_EXERCISE DESCRIPTION_
Using the data that follows, return exactly the lines from the one that contains "CARD('m) = measure" through the one that contains "(?U ?large \<union>", ends included.

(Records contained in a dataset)
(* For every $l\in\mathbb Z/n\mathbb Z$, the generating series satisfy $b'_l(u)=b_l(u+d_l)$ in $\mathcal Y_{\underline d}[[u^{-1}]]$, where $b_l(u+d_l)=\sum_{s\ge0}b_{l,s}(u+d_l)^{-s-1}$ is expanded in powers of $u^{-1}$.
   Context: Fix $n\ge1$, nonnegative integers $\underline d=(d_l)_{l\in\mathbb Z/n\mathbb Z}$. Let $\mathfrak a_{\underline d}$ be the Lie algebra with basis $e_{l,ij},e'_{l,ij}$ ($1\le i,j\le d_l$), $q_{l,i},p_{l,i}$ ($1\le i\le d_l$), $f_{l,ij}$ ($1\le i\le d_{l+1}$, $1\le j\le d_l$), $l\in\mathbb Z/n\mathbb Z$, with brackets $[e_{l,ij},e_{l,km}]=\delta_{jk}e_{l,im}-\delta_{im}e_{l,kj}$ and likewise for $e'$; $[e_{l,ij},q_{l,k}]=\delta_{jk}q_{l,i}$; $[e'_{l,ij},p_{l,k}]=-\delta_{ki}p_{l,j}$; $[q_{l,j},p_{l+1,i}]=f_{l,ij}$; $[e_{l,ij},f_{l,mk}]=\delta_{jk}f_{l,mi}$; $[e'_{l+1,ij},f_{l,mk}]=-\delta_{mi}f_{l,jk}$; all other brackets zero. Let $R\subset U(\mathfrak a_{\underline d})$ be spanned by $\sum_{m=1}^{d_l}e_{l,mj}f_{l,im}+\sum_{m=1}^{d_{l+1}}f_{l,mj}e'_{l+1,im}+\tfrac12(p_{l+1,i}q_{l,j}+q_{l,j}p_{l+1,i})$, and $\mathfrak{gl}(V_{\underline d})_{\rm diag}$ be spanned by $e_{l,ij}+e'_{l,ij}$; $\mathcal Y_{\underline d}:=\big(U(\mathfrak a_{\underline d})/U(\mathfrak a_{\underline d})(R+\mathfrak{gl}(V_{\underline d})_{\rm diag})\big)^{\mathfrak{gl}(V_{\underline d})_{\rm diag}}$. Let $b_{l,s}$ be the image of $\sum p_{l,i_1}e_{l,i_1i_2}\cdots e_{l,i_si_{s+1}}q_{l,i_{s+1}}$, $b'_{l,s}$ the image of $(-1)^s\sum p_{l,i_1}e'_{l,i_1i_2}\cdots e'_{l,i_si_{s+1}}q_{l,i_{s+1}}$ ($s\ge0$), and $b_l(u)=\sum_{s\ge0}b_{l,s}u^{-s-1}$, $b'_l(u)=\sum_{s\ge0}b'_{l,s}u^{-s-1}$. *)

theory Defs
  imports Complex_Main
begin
---
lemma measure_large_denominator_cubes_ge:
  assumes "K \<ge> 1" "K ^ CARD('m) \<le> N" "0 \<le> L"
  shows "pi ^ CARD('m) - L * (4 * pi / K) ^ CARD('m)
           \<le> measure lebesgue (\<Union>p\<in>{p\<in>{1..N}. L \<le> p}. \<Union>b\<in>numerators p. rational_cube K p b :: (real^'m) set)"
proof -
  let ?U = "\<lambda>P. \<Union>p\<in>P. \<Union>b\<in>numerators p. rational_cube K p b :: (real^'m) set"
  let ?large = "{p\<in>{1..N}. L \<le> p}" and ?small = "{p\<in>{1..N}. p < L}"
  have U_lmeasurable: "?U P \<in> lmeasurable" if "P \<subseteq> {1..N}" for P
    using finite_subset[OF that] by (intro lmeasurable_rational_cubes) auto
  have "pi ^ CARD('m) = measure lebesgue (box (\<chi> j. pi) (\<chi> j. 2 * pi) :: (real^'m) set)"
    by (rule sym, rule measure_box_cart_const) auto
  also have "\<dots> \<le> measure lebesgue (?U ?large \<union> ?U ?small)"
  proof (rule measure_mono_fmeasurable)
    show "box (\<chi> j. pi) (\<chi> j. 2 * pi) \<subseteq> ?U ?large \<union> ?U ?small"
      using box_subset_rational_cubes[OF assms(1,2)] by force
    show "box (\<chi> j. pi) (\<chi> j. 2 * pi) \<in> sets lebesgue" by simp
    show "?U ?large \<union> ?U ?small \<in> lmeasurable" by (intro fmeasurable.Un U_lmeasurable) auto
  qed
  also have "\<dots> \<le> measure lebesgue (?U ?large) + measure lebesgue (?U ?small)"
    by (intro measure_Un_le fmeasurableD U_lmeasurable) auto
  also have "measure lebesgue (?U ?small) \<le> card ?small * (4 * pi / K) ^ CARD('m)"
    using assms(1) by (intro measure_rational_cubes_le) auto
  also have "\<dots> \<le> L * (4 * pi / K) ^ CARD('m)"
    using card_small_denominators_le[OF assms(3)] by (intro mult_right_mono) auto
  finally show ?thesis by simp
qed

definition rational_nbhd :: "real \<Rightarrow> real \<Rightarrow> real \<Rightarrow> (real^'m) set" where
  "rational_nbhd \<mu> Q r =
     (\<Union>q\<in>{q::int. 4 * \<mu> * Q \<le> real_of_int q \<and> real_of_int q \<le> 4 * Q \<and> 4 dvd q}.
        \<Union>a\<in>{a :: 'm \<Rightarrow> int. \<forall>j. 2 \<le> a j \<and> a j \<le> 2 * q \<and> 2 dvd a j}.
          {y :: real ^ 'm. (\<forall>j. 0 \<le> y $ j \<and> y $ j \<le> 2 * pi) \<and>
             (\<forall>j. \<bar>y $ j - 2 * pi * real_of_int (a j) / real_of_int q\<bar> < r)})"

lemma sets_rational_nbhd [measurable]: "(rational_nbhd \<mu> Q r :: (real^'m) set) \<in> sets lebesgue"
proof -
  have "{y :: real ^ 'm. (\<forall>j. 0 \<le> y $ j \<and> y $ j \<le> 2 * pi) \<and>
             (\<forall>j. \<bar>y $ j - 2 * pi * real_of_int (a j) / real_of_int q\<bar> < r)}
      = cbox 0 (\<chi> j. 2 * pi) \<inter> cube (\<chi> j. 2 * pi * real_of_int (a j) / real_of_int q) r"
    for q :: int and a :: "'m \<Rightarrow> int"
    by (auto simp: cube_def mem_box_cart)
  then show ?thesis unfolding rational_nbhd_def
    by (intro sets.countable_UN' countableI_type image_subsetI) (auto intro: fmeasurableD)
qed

_SOLUTION BELOW_
  have "pi ^ CARD('m) = measure lebesgue (box (\<chi> j. pi) (\<chi> j. 2 * pi) :: (real^'m) set)"
    by (rule sym, rule measure_box_cart_const) auto
  also have "\<dots> \<le> measure lebesgue (?U ?large \<union> ?U ?small)"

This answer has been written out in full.